Yönetim 3.0, klasik yönetim anlayışlarını reddetmeden onların sınırlarını aşmayı hedefleyen bir yaklaşımdır. Hem organizasyon yapısını, hem de liderlik tarzını dönüştürmeyi önerir ve temel olarak aşağıdaki prensiplere dayanır:

• Ekiplerin Otonomisi: Karar alma süreçleri takımlara bırakılır, mikro yönetimden kaçınılır.

• Sistem Odaklı Liderlik Anlayışının Hakim Olması: Lider, bireyleri değil sistemi optimize etmekle görevlidir. Sistemin çarklarının dönmesi esas alınır.

• Sürekli İyileştirme: Değişim süreklidir; geribildirim kültürü teşvik edilir. Sürekli iyileştirme için bütün Ar&Ge’ ler ve inovasyonlar birlikte yapılır ve uygulanır.

• Motivasyon ve Anlam: Çalışanlara sadece görev değil, anlam yüklenir; içsel motivasyon öne çıkarılmaya çalışılır. Özellikle insan kaynakları açısından bu olgu son derece önemlidir.

• Ağ Yapıları: Şirketler klasik piramitten, esnek ve organik ağ yapısına geçer. Dolayısıyla, piramitsel yönetim basamakları değil daha birbirine dokunan bağlar geçerli kınılır.

Global olarak özellikle çok uluslu şirketlerin takip ettiği şekilde, Yönetim 3.0’ın Temel Pratikleri’ni teoriden hayata geçirebilmek için aşağıdaki somut adımlar önerilmektedir;

• Delegasyon Panosu: Karar yetkilerinin ekipler arasında nasıl dağıtıldığını netleştirmek. Daha kurumsal ama birbirine sürekli destekli çalışanların olduğu, şirket kültürüne en uygun organizasyon şemasının çizilmesinin sağlanması ve uygulanması.
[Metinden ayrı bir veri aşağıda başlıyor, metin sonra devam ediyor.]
(*
  Let D be the set of non-null coupons seen in the first k draws.  Then
  T_{c,n} > k iff |D| < c, and the first k draws all avoid {1..n} - J
  iff D \<subseteq> J, an event of probability (p_0 + P_J)^k.  The theorem is
  therefore the expectation of the pointwise identity

    [|D| < c] = \<Sum>_{i<c} (-1)^(c-1-i) C(n-i-1, n-c) #{J : |J| = i, D \<subseteq> J}.
*)

text \<open>An alternating Vandermonde sum: for M < m,
  \<Sum>_{j \<le> M} (-1)^(M-j) C(m-1-j, M-j) C(m, j) = 1.
  It is Vandermonde's convolution for C(m, j) and C(M-m, M-j), using
  upper negation C(M-m, M-j) = (-1)^(M-j) C(m-1-j, M-j).\<close>
lemma alternating_vandermonde:
  fixes m M :: nat
  assumes "M < m"
  shows "(\<Sum>j=0..M. (-1::real)^(M-j) * real ((m-1-j) choose (M-j)) * real (m choose j)) = 1"
proof -
  have "(\<Sum>j=0..M. (-1::real)^(M-j) * real ((m-1-j) choose (M-j)) * real (m choose j))
      = (\<Sum>j=0..M. (real m gchoose j) * ((real M - real m) gchoose (M - j)))"
  proof (rule sum.cong[OF refl])
    fix j assume j: "j \<in> {0..M}"
    have e: "of_nat (M-j) - (real M - real m) - 1 = real (m-1-j)"
      using j assms by (simp add: of_nat_diff)
    have "(real M - real m) gchoose (M - j) = (-1)^(M-j) * real ((m-1-j) choose (M-j))"
      by (subst gbinomial_negated_upper) (simp only: e binomial_gbinomial)
    then show "(-1::real)^(M-j) * real ((m-1-j) choose (M-j)) * real (m choose j)
       = (real m gchoose j) * ((real M - real m) gchoose (M - j))"
      by (simp add: binomial_gbinomial)
  qed
  also have "\<dots> = (real m + (real M - real m)) gchoose M"
    by (rule gbinomial_Vandermonde)
  also have "\<dots> = 1" by (simp add: binomial_gbinomial[symmetric])
  finally show ?thesis .
qed

text \<open>The coefficient identity behind the theorem: for d < c \<le> n,
  \<Sum>_{d \<le> i < c} (-1)^(c-1-i) C(n-i-1, n-c) C(n-d, i-d) = 1.
  Shifting i = j + d and using C(n-d-1-j, n-c) = C(n-d-1-j, c-1-d-j)
  reduces it to the alternating Vandermonde sum with m = n-d, M = c-1-d.\<close>
lemma alternating_binomial_sum:
  fixes n c d :: nat
  assumes "d < c" "c \<le> n"
  shows "(\<Sum>i=0..c-1. (-1::real)^(c-1-i) * real ((n-i-1) choose (n-c)) *
            (if d \<le> i then real ((n-d) choose (i-d)) else 0)) = 1"
proof -
  let ?f = "\<lambda>i. (-1::real)^(c-1-i) * real ((n-i-1) choose (n-c)) *
            (if d \<le> i then real ((n-d) choose (i-d)) else 0)"
  have "(\<Sum>i=0..c-1. ?f i) = (\<Sum>i=d..c-1. ?f i)"
    by (rule sum.mono_neutral_right) (use assms in auto)
  also have "\<dots> = (\<Sum>i=0+d..(c-1-d)+d. ?f i)" using assms by simp
  also have "\<dots> = (\<Sum>j=0..c-1-d. ?f (j+d))" by (rule sum.shift_bounds_cl_nat_ivl)
  also have "\<dots> = (\<Sum>j=0..c-1-d. (-1::real)^((c-1-d)-j) *
                     real (((n-d)-1-j) choose ((c-1-d)-j)) * real ((n-d) choose j))"
  proof (rule sum.cong[OF refl])
    fix j assume j: "j \<in> {0..c-1-d}"
    have "(n-(j+d)-1) choose (n-c) = ((n-d)-1-j) choose (((n-d)-1-j) - (n-c))"
      using j assms by (subst binomial_symmetric) (auto simp: ac_simps)
    moreover have "((n-d)-1-j) - (n-c) = (c-1-d)-j" using j assms by auto
    ultimately show "?f (j+d) = (-1::real)^((c-1-d)-j) *
                       real (((n-d)-1-j) choose ((c-1-d)-j)) * real ((n-d) choose j)"
      by (simp add: ac_simps)
  qed
  also have "\<dots> = 1" by (rule alternating_vandermonde) (use assms in auto)
  finally show ?thesis .
qed

text \<open>The i-subsets of {1..n} containing a fixed D \<subseteq> {1..n} are
  D \<union> K for the (i-|D|)-subsets K of the complement, so there are
  C(n-|D|, i-|D|) of them (none if |D| > i).\<close>
lemma card_supersets:
  fixes D :: "nat set"
  assumes "D \<subseteq> {1..n}"
  shows "card {J. J \<subseteq> {1..n} \<and> card J = i \<and> D \<subseteq> J}
       = (if card D \<le> i then (n - card D) choose (i - card D) else 0)"
proof (cases "card D \<le> i")
  case False
  have "{J. J \<subseteq> {1..n} \<and> card J = i \<and> D \<subseteq> J} = {}"
    using False card_mono[of _ D] finite_subset[of _ "{1..n}"] by fastforce
  with False show ?thesis by simp
next
  case True
  have fD: "finite D" using assms finite_subset by blast
  let ?K = "{K. K \<subseteq> {1..n} - D \<and> card K = i - card D}"
  have eq: "{J. J \<subseteq> {1..n} \<and> card J = i \<and> D \<subseteq> J} = (\<lambda>K. K \<union> D) ` ?K"
  proof (intro equalityI subsetI)
    fix J assume "J \<in> {J. J \<subseteq> {1..n} \<and> card J = i \<and> D \<subseteq> J}"
    then have J: "J \<subseteq> {1..n}" "card J = i" "D \<subseteq> J" by auto
    have "card (J - D) = i - card D" using J fD by (simp add: card_Diff_subset)
    moreover have "J = (J - D) \<union> D" using J by auto
    ultimately show "J \<in> (\<lambda>K. K \<union> D) ` ?K" using J by blast
  next
    fix J assume "J \<in> (\<lambda>K. K \<union> D) ` ?K"
    then obtain K where K: "K \<subseteq> {1..n} - D" "card K = i - card D" "J = K \<union> D" by auto
    have "card J = card K + card D"
      using K fD finite_subset[OF K(1)] card_Un_disjoint[of K D] by auto
    then show "J \<in> {J. J \<subseteq> {1..n} \<and> card J = i \<and> D \<subseteq> J}" using K True assms by auto
  qed
  have "inj_on (\<lambda>K. K \<union> D) ?K" by (rule inj_onI) blast
  then have "card {J. J \<subseteq> {1..n} \<and> card J = i \<and> D \<subseteq> J} = card ?K"
    unfolding eq by (rule card_image)
  also have "\<dots> = card ({1..n} - D) choose (i - card D)" by (rule n_subsets) simp
  also have "card ({1..n} - D) = n - card D" using assms fD by (simp add: card_Diff_subset)
  finally show ?thesis using True by simp
qed

lemma indicator_card_less:
  fixes D :: "nat set"
  assumes "D \<subseteq> {1..n}" "1 \<le> c" "c \<le> n"
  shows "(if card D < c then 1 else 0 :: real) =
    (\<Sum>i = 0..c-1. (-1) ^ (c - 1 - i) * real ((n - i - 1) choose (n - c)) *
              (\<Sum>J \<in> {J. J \<subseteq> {1..n} \<and> card J = i}. if D \<subseteq> J then 1 else 0))"
proof -
  have supersets: "(\<Sum>J \<in> {J. J \<subseteq> {1..n} \<and> card J = i}. if D \<subseteq> J then 1 else 0 :: real)
     = (if card D \<le> i then real ((n - card D) choose (i - card D)) else 0)" for i
  proof -
    have "(\<Sum>J \<in> {J. J \<subseteq> {1..n} \<and> card J = i}. if D \<subseteq> J then 1 else 0 :: real)
        = real (card {J. J \<subseteq> {1..n} \<and> card J = i \<and> D \<subseteq> J})"
      by (simp add: sum.If_cases Int_def conj_ac)
    then show ?thesis using card_supersets[OF assms(1), of i] by simp
  qed
  show ?thesis
  proof (cases "card D < c")
    case True
    then show ?thesis
      unfolding supersets using alternating_binomial_sum[OF True assms(3)] by simp
  next
    case False
    then have "\<not> card D \<le> i" if "i \<in> {0..c-1}" for i using that assms(2) by auto
    then show ?thesis unfolding supersets using False by simp
  qed
qed

lemma sets_stream_prefix_in:
  "{\<omega> \<in> space (stream_space (measure_pmf q)). \<forall>j<k. \<omega> !! j \<in> S}
     \<in> sets (stream_space (measure_pmf q))"
proof -
  let ?Q = "stream_space (measure_pmf q)"
  have "{\<omega> \<in> space ?Q. \<forall>j\<in>{..<k}. \<omega> !! j \<in> S} \<in> sets ?Q"
  proof (rule sets.sets_Collect_finite_All)
    fix j
    have "{\<omega> \<in> space ?Q. \<omega> !! j \<in> S} = (\<lambda>\<omega>. \<omega> !! j) -` S \<inter> space ?Q" by blast
    then show "{\<omega> \<in> space ?Q. \<omega> !! j \<in> S} \<in> sets ?Q"
      using measurable_sets[OF measurable_snth, of S "measure_pmf q" j] by simp
  qed (rule finite_lessThan)
  then show ?thesis by (simp only: Ball_def lessThan_iff)
qed

text \<open>By independence of the draws, this event has probability P(S)^k;
  the induction peels off the first draw.\<close>
lemma emeasure_stream_prefix_in:
  "emeasure (stream_space (measure_pmf q))
     {\<omega> \<in> space (stream_space (measure_pmf q)). \<forall>j<k. \<omega> !! j \<in> S}
   = emeasure (measure_pmf q) S ^ k"
proof (induction k)
  case 0
  interpret prob_space "stream_space (measure_pmf q)"
    by (rule prob_space.prob_space_stream_space[OF prob_space_measure_pmf])
  show ?case by (simp add: emeasure_space_1)
next
  case (Suc k)
  let ?Q = "stream_space (measure_pmf q)"
  let ?A = "\<lambda>m. {\<omega> \<in> space ?Q. \<forall>j<m. \<omega> !! j \<in> S}"
  have tail: "{x \<in> space ?Q. t ## x \<in> ?A (Suc k)} = (if t \<in> S then ?A k else {})" for t
    by (auto simp: space_stream_space All_less_Suc2)
  have "emeasure ?Q (?A (Suc k)) = (\<integral>\<^sup>+t. emeasure ?Q {x \<in> space ?Q. t ## x \<in> ?A (Suc k)} \<partial>q)"
    by (rule prob_space.emeasure_stream_space[OF prob_space_measure_pmf sets_stream_prefix_in])
  also have "\<dots> = (\<integral>\<^sup>+t. emeasure ?Q (?A k) * indicator S t \<partial>q)"
    unfolding tail by (intro nn_integral_cong) (auto split: split_indicator)
  also have "\<dots> = emeasure ?Q (?A k) * emeasure q S"
    by (subst nn_integral_cmult) auto
  finally show ?case using Suc by (simp add: mult.commute)
qed
(* Let $n\ge 2$, let $M$ be an $(n-1)\times(n-1)$ circulant matrix over $R$, and let $\alpha,\beta,\gamma\in R$ with $\gamma=\beta$ or $\gamma=-\beta$. Let $B$ be the $n\times n$ bordered circulant matrix whose first row is $(\alpha,\beta,\dots,\beta)$, whose first column is $(\alpha,\gamma,\dots,\gamma)^T$, and whose lower-right $(n-1)\times(n-1)$ block is $M$. Then the linear code over $R$ generated by the rows of $[I_n\mid B]$ is a Euclidean isodual code of length $2n$ over $R$.
   Context: $R=\mathbb{Z}_4[v]/(v^2-v)$. Linear codes over $R$ are $R$-submodules of $R^N$; the Euclidean dual of $\mathcal{C}$ is $\mathcal{C}^\perp=\{\mathbf{x}:\sum_ix_ic_i=0\ \forall\mathbf{c}\in\mathcal{C}\}$. Two codes of length $N$ over $R$ are equivalent if one is obtained from the other by a permutation of coordinates followed by multiplication of some coordinates by units of $R$. A code is Euclidean isodual if it is equivalent to its Euclidean dual. A circulant matrix is one in which each row is the cyclic shift by one position to the right of the previous row. *)

theory Defs
  imports Main "HOL-Library.Numeral_Type" "HOL-Combinatorics.Permutations"
begin

text \<open>An element Rp a b represents a + b v with a, b in Z4 (the type 4).
  Since v^2 = v: (a + b v)(c + d v) = ac + (ad + bc + bd) v.\<close>

datatype R = Rp "4" "4"

fun Rfst :: "R \<Rightarrow> 4" where "Rfst (Rp a b) = a"
fun Rsnd :: "R \<Rightarrow> 4" where "Rsnd (Rp a b) = b"

lemma R_eq_iff: "x = y \<longleftrightarrow> Rfst x = Rfst y \<and> Rsnd x = Rsnd y"
  by (cases x; cases y) auto

instantiation R :: comm_ring_1
begin
definition "0 = Rp 0 0"
definition "1 = Rp 1 0"
definition "x + y = Rp (Rfst x + Rfst y) (Rsnd x + Rsnd y)"
definition "x - y = Rp (Rfst x - Rfst y) (Rsnd x - Rsnd y)"
definition "- x = Rp (- Rfst x) (- Rsnd x)"
definition "x * y = Rp (Rfst x * Rfst y)
     (Rfst x * Rsnd y + Rsnd x * Rfst y + Rsnd x * Rsnd y)"
instance
  by standard (auto simp: R_eq_iff zero_R_def one_R_def plus_R_def minus_R_def
      uminus_R_def times_R_def algebra_simps)
end

definition words :: "nat \<Rightarrow> (nat \<Rightarrow> R) set" where
  "words N = {x. \<forall>i\<ge>N. x i = 0}"

definition linear_code :: "nat \<Rightarrow> (nat \<Rightarrow> R) set \<Rightarrow> bool" where
  "linear_code N C \<longleftrightarrow> C \<subseteq> words N \<and> (\<lambda>_. 0) \<in> C \<and>
     (\<forall>x\<in>C. \<forall>y\<in>C. (\<lambda>i. x i + y i) \<in> C) \<and>
     (\<forall>r. \<forall>x\<in>C. (\<lambda>i. r * x i) \<in> C)"

definition row_code :: "nat \<Rightarrow> nat \<Rightarrow> (nat \<Rightarrow> nat \<Rightarrow> R) \<Rightarrow> (nat \<Rightarrow> R) set" where
  "row_code k N G = {x. \<exists>c. x = (\<lambda>j. if j < N then (\<Sum>i<k. c i * G i j) else 0)}"

definition euclid_dual :: "nat \<Rightarrow> (nat \<Rightarrow> R) set \<Rightarrow> (nat \<Rightarrow> R) set" where
  "euclid_dual N C = {x \<in> words N. \<forall>c\<in>C. (\<Sum>i<N. x i * c i) = 0}"

definition code_equiv :: "nat \<Rightarrow> (nat \<Rightarrow> R) set \<Rightarrow> (nat \<Rightarrow> R) set \<Rightarrow> bool" where
  "code_equiv N C D \<longleftrightarrow> (\<exists>\<sigma> u. \<sigma> permutes {..<N} \<and> (\<forall>i<N. u i dvd (1::R)) \<and>
     D = (\<lambda>c. (\<lambda>i. if i < N then u i * c (\<sigma> i) else 0)) ` C)"

definition euclid_isodual :: "nat \<Rightarrow> (nat \<Rightarrow> R) set \<Rightarrow> bool" where
  "euclid_isodual N C \<longleftrightarrow> linear_code N C \<and> code_equiv N C (euclid_dual N C)"

definition circulant :: "nat \<Rightarrow> (nat \<Rightarrow> nat \<Rightarrow> R) \<Rightarrow> bool" where
  "circulant m M \<longleftrightarrow> (\<forall>i j. Suc i < m \<and> j < m \<longrightarrow> M (Suc i) ((Suc j) mod m) = M i j)"

definition bordered :: "R \<Rightarrow> R \<Rightarrow> R \<Rightarrow> (nat \<Rightarrow> nat \<Rightarrow> R) \<Rightarrow> nat \<Rightarrow> nat \<Rightarrow> R" where
  "bordered \<alpha> \<beta> \<gamma> M i j =
     (if i = 0 \<and> j = 0 then \<alpha> else if i = 0 then \<beta> else if j = 0 then \<gamma>
      else M (i - 1) (j - 1))"

definition ident_concat :: "nat \<Rightarrow> (nat \<Rightarrow> nat \<Rightarrow> R) \<Rightarrow> nat \<Rightarrow> nat \<Rightarrow> R" where
  "ident_concat n B i j = (if j < n then (if i = j then 1 else 0) else B i (j - n))"

end

theory Submission
  imports Defs
begin

text \<open>The code generated by \<open>[I | B]\<close> consists of the words \<open>(c, cB)\<close>, and its Euclidean dual
  consists of the words \<open>(-Bz, z)\<close>, i.e. it is generated by \<open>[-B\<^sup>T | I]\<close>. Let \<open>Q\<close> fix the border
  index 0 and act on the block indices by \<open>i \<mapsto> -i\<close> modulo \<open>n - 1\<close>. Since a circulant matrix
  depends only on \<open>j - i\<close>, reversing both indices transposes it, and with \<open>D = diag(s, 1, \<dots>, 1)\<close>,
  \<open>\<gamma> = s\<beta>\<close>, this gives \<open>B\<^sup>T = DQBQD\<close>. Hence swapping the two halves of the coordinates, reflecting
  each by \<open>Q\<close> and scaling by the units \<open>\<plusminus>D\<close> maps the codeword of \<open>c\<close> to the dual codeword of \<open>DQc\<close>,
  so it carries the code onto its dual.\<close>

lemma circulant_entry:
  assumes "circulant m M" "i < m" "j < m"
  shows "M i j = M 0 (nat ((int j - int i) mod int m))"
  using assms(2,3)
proof (induction i arbitrary: j)
  case 0
  then show ?case by simp
next
  case (Suc i)
  define j' where "j' = (j + m - 1) mod m"
  have "j' < m" using Suc.prems by (simp add: j'_def)
  have "Suc j' mod m = j"
    using Suc.prems by (simp add: j'_def mod_Suc_eq)
  have "int j' mod int m = (int j - 1) mod int m"
  proof -
    have "int j' = (int j - 1 + int m) mod int m"
      using Suc.prems by (simp add: j'_def of_nat_mod of_nat_diff algebra_simps)
    then show ?thesis by simp
  qed
  have "M (Suc i) j = M (Suc i) (Suc j' mod m)"
    using \<open>Suc j' mod m = j\<close> by simp
  also have "\<dots> = M i j'"
    using assms(1) Suc.prems \<open>j' < m\<close> unfolding circulant_def by blast
  also have "\<dots> = M 0 (nat ((int j' - int i) mod int m))"
    using Suc \<open>j' < m\<close> by simp
  also have "(int j' - int i) mod int m = (int j - 1 - int i) mod int m"
    using \<open>int j' mod int m = (int j - 1) mod int m\<close> by (metis mod_diff_left_eq)
  also have "int j - 1 - int i = int j - int (Suc i)"
    by simp
  finally show ?case .
qed

lemma circulant_reverse:
  assumes "circulant m M" "a < m" "b < m"
  shows "M ((m - a) mod m) ((m - b) mod m) = M b a"
proof -
  have "(int ((m - b) mod m) - int ((m - a) mod m)) mod int m = (int a - int b) mod int m"
  proof -
    have "int ((m - x) mod m) = (int m - int x) mod int m" if "x < m" for x
      using that by (simp add: of_nat_mod of_nat_diff)
    then show ?thesis
      using assms by (simp add: mod_diff_eq)
  qed
  then show ?thesis
    using assms circulant_entry[OF assms(1)] by simp
qed

text \<open>On the block indices \<open>1, \<dots>, n - 1\<close> this is \<open>i - 1 \<mapsto> -(i - 1) mod (n - 1)\<close>.\<close>

definition bordered_reflection :: "nat \<Rightarrow> nat \<Rightarrow> nat" where
  "bordered_reflection n i = (if i \<le> 1 \<or> n \<le> i then i else n + 1 - i)"

lemma bordered_reflection_involution [simp]:
  "bordered_reflection n (bordered_reflection n i) = i"
  by (auto simp: bordered_reflection_def)

lemma bordered_reflection_less: "i < n \<Longrightarrow> bordered_reflection n i < n"
  by (auto simp: bordered_reflection_def)

lemma bordered_reflection_block:
  "1 \<le> i \<Longrightarrow> i < n \<Longrightarrow>
    bordered_reflection n i - 1 = (n - 1 - (i - 1)) mod (n - 1) \<and> 1 \<le> bordered_reflection n i"
  by (cases "i = 1") (auto simp: bordered_reflection_def)

lemma bordered_transpose:
  assumes "circulant (n - 1) M" "\<gamma> = s * \<beta>" "s * s = 1" "a < n" "b < n"
  defines "d \<equiv> \<lambda>i. if i = 0 then s else 1"
  shows "bordered \<alpha> \<beta> \<gamma> M b a =
    d a * d b * bordered \<alpha> \<beta> \<gamma> M (bordered_reflection n a) (bordered_reflection n b)"
proof (cases "a = 0 \<or> b = 0")
  case True
  then show ?thesis
    using assms by (auto simp: bordered_def bordered_reflection_def mult.assoc[symmetric])
next
  case False
  then have "a - 1 < n - 1" "b - 1 < n - 1"
    using assms by auto
  with False have "M (bordered_reflection n a - 1) (bordered_reflection n b - 1) = M (b - 1) (a - 1)"
    using assms bordered_reflection_block[of a n] bordered_reflection_block[of b n]
      circulant_reverse[OF assms(1), of "a - 1" "b - 1"] by simp
  then show ?thesis
    using False assms bordered_reflection_block[of a n] bordered_reflection_block[of b n]
    by (simp add: bordered_def d_def)
qed
theorem newton_solution_on_kepler_branch:
  assumes "newton_solution x y"
    and "{(u, 0), (v, 0), (p, q)} \<subseteq> range (\<lambda>t. (x t, y t)) \<inter> kepler_branch \<alpha> \<beta> \<gamma>"
    and "u \<noteq> v" "q \<noteq> 0"
  shows "(areal_const x y t)\<^sup>2 = \<gamma>" "2 * kepler_energy x y t * \<gamma> = \<alpha>\<^sup>2 + \<beta>\<^sup>2 - 1"
proof -
  obtain C a b where C: "\<And>t. areal_const x y t = C"
    and conic: "\<And>t. sqrt ((x t)\<^sup>2 + (y t)\<^sup>2) = C\<^sup>2 - a * x t - b * y t"
    and energy: "\<And>t. a\<^sup>2 + b\<^sup>2 = 1 + 2 * kepler_energy x y t * C\<^sup>2"
    using newton_solution_conic[OF assms(1)] by blast
  have vanish: "(C\<^sup>2 - \<gamma>) + (- a - \<alpha>) * X + (- b - \<beta>) * Y = 0"
    if "(X, Y) \<in> range (\<lambda>t. (x t, y t)) \<inter> kepler_branch \<alpha> \<beta> \<gamma>" for X Y
  proof -
    from that obtain s where "x s = X" "y s = Y" and "sqrt (X\<^sup>2 + Y\<^sup>2) = \<alpha> * X + \<beta> * Y + \<gamma>"
      by (auto simp: kepler_branch_def)
    with conic[of s] show ?thesis by (simp add: algebra_simps)
  qed
  have "(u, 0) \<in> range (\<lambda>t. (x t, y t)) \<inter> kepler_branch \<alpha> \<beta> \<gamma>"
    "(v, 0) \<in> range (\<lambda>t. (x t, y t)) \<inter> kepler_branch \<alpha> \<beta> \<gamma>"
    "(p, q) \<in> range (\<lambda>t. (x t, y t)) \<inter> kepler_branch \<alpha> \<beta> \<gamma>"
    using assms(2) by auto
  from affine_eq_zero_at_three_points
    [OF vanish[OF this(1)] vanish[OF this(2)] vanish[OF this(3)] assms(3,4)]
  have "C\<^sup>2 = \<gamma>" "a = - \<alpha>" "b = - \<beta>" by simp_all
  then show "(areal_const x y t)\<^sup>2 = \<gamma>" "2 * kepler_energy x y t * \<gamma> = \<alpha>\<^sup>2 + \<beta>\<^sup>2 - 1"
    using C energy[of t] by (auto simp: power2_eq_square)
qed

lemma kepler_branch_points:
  fixes M N :: real
  assumes "N > 0"
  shows "(N, 0) \<in> kepler_branch 0 M N" "(- N, 0) \<in> kepler_branch 0 M N"
    and "\<exists>x y. y \<noteq> 0 \<and> (x, y) \<in> kepler_branch 0 M N"
proof -
  show "(N, 0) \<in> kepler_branch 0 M N" "(- N, 0) \<in> kepler_branch 0 M N"
    using assms by (simp_all add: kepler_branch_def)
  define y where "y = N / (\<bar>M\<bar> + 2)"
  define x where "x = sqrt ((M * y + N)\<^sup>2 - y\<^sup>2)"
  have "y > 0" using assms by (simp add: y_def)
  have N: "N = (\<bar>M\<bar> + 2) * y" by (simp add: y_def)
  have "- \<bar>M\<bar> * y \<le> M * y" using \<open>y > 0\<close> by (intro mult_right_mono) auto
  then have w: "M * y + N \<ge> 2 * y" unfolding N by (simp add: algebra_simps)
  then have "y\<^sup>2 \<le> (M * y + N)\<^sup>2" using \<open>y > 0\<close> by (intro power_mono) auto
  then have "x\<^sup>2 + y\<^sup>2 = (M * y + N)\<^sup>2" by (simp add: x_def)
  then have "(x, y) \<in> kepler_branch 0 M N"
    using w \<open>y > 0\<close> by (simp add: kepler_branch_def)
  moreover have "y \<noteq> 0" using \<open>y > 0\<close> by simp
  ultimately show "\<exists>x y. y \<noteq> 0 \<and> (x, y) \<in> kepler_branch 0 M N" by blast
qed
lemma has_real_derivative_ramp_sq: "(ramp_sq has_real_derivative 2 * max 0 t) (at t)"
proof (cases t "0::real" rule: linorder_cases)
  case less
  have "((\<lambda>z. 0) has_real_derivative 0) (at t)"
    by simp
  then have "(ramp_sq has_real_derivative 0) (at t)"
    by (rule has_field_derivative_transform_within_open[where S="{..<0}"]) (use less in \<open>auto simp: ramp_sq_def\<close>)
  then show ?thesis
    using less by simp
next
  case greater
  have "((\<lambda>z. z\<^sup>2) has_real_derivative 2 * t) (at t)"
    by (auto intro!: derivative_eq_intros)
  then have "(ramp_sq has_real_derivative 2 * t) (at t)"
    by (rule has_field_derivative_transform_within_open[where S="{0<..}"]) (use greater in \<open>auto simp: ramp_sq_def\<close>)
  then show ?thesis
    using greater by simp
next
  case equal
  have "\<forall>\<^sub>F h in at (0::real). (ramp_sq (0 + h) - ramp_sq 0) / h = max 0 h"
    unfolding eventually_at by (rule exI[of _ 1]) (auto simp: ramp_sq_def power2_eq_square max_def)
  moreover have "((\<lambda>h. max 0 h) \<longlongrightarrow> max 0 0) (at (0::real))"
    by (intro tendsto_intros)
  ultimately show ?thesis
    using equal by (simp add: DERIV_def tendsto_cong)
qed

text \<open>A \<open>C\<^sup>1\<close> piecewise quadratic step from \<open>1\<close> on \<open>]-\<infinity>,-2]\<close> down to \<open>0\<close> on \<open>[-1,\<infinity>[\<close>.\<close>

definition cutoff :: "real \<Rightarrow> real"
  where "cutoff t = 1 - 2 * ramp_sq (t + 2) + 4 * ramp_sq (t + 3/2) - 2 * ramp_sq (t + 1)"

definition cutoff' :: "real \<Rightarrow> real"
  where "cutoff' t = - 4 * max 0 (t + 2) + 8 * max 0 (t + 3/2) - 4 * max 0 (t + 1)"

lemma has_real_derivative_cutoff: "(cutoff has_real_derivative cutoff' t) (at t)"
proof -
  have "((\<lambda>t. t + c) has_real_derivative 1) (at t)" for c
    by (auto intro!: derivative_eq_intros)
  from DERIV_chain2[OF has_real_derivative_ramp_sq this]
  have shift: "((\<lambda>t. ramp_sq (t + c)) has_real_derivative 2 * max 0 (t + c)) (at t)" for c
    by simp
  show ?thesis
    unfolding cutoff_def[abs_def] cutoff'_def
    by (rule derivative_eq_intros shift refl | simp)+
qed

lemma continuous_on_cutoff': "continuous_on UNIV cutoff'"
  unfolding cutoff'_def[abs_def] by (intro continuous_intros)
• Kudo Kartları: Çalışanların birbirlerini, özellikle de üstün astı takdir etmesini sağlanması ve bu davranışın bir kurum kültürü haline getirilmesi.

• Enerji-Yerleştirme Matrisi: Ekip üyelerinin motivasyon kaynaklarını analiz edilerek, doğru yerde doğru insanın doğru bir verimle çalışabilmesi sağlanması.

• Çemberler ve Roller: Hiyerarşi yerine rol bazlı dağılımı teşvik edilmesi ve rol bazlı dağılımın tek bir departmana değil, bütün kuruma yayılmasının sağlanması şeklindedir.

İş Dünyasındaki yeni yeni uygulanan Yönetim 3.0 anlayışı, özellikle teknoloji start-up’larında ve dönüşüm süreci geçiren kurumsal firmalarda benimsenmektedir. Fizibilite çalışması yapılarak uygulaması esastır. Özellikle geçmişte kurulan ve belli bir yapı ile ilerleyen firmalar için ise bu yönetim anlayışını total olarak benimsemek elbette çok da kolay değildir. Yine de belirtilmesi gereken durum, Yönetim 3.0’ ın da tıpkı Yönetim 2.0 gibi bir gün çoğunluk global yönetim şekli olacağıdır. 

Konuyu daha da açacak olur isek, zorluklar ve geleceğe bakış olarak her ne kadar Yönetim 3.0 çağdaş ihtiyaçlara yanıt verse de, kültürel direnç, liderlik dönüşümü ve sistemsel uyum gibi zorluklar içerirmektedir. Ancak, gelecekte daha da hissedilmesi beklenen hibrit ya da tamamiyle uzaktan çalışma modelleri, yapay zeka entegrasyonu ve anlam arayışının artmasıyla bu modelin daha da yaygınlaşması beklenmektedir.

Sonuç olarak Yönetim 3.0, organizasyonları daha insancıl, esnek ve adaptif hale getiren bir yönetim felsefesidir diyebiliriz. İş dünyasında rekabet avantajı sağlamak isteyen kurumlar için bu model, sadece bir tercih değil, bir gereklilik halini almaktadır. Bir başka anlamda açıklayacak olur isek; gelecek, otonomiye, anlam yaratmaya ve sistemsel liderliğe daha fazla ihtiyaç duyacaktır. Şimdiden her bir firmanın Yönetimsel Yolculuklarında başarılı bir şekilde yol alması ve sonuca bütün pozitif etkirlerle güçlü bir şekilde ulaşması dileklerimizle.